• Exercise details: Repeat exactly, and only, the lines below starting at the line that contains "unfolding orthogonal_def by" and ending at the line that contains "then show ?thesis", inclusive of both.

• Given data:
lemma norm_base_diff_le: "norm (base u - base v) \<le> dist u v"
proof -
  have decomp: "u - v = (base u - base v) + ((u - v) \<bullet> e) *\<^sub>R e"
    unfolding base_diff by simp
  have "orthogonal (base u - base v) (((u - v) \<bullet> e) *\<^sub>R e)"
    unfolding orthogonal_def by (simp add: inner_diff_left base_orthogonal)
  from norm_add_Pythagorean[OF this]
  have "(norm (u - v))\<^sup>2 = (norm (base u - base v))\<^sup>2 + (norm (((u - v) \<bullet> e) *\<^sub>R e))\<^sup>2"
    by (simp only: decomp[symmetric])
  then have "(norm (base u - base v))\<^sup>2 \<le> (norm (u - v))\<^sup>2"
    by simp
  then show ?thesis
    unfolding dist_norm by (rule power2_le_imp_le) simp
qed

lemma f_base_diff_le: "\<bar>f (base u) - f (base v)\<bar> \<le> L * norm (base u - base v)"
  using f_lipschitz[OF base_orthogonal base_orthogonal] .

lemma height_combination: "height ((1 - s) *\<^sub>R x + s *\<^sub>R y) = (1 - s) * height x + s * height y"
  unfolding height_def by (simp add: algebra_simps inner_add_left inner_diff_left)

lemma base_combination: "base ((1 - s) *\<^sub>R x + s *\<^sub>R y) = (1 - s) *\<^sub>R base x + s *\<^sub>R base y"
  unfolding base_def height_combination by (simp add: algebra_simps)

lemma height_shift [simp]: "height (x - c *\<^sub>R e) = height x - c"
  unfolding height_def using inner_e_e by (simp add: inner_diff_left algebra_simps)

• Worked solution:
    unfolding orthogonal_def by (simp add: inner_diff_left base_orthogonal)
  from norm_add_Pythagorean[OF this]
  have "(norm (u - v))\<^sup>2 = (norm (base u - base v))\<^sup>2 + (norm (((u - v) \<bullet> e) *\<^sub>R e))\<^sup>2"
    by (simp only: decomp[symmetric])
  then have "(norm (base u - base v))\<^sup>2 \<le> (norm (u - v))\<^sup>2"
    by simp
  then show ?thesis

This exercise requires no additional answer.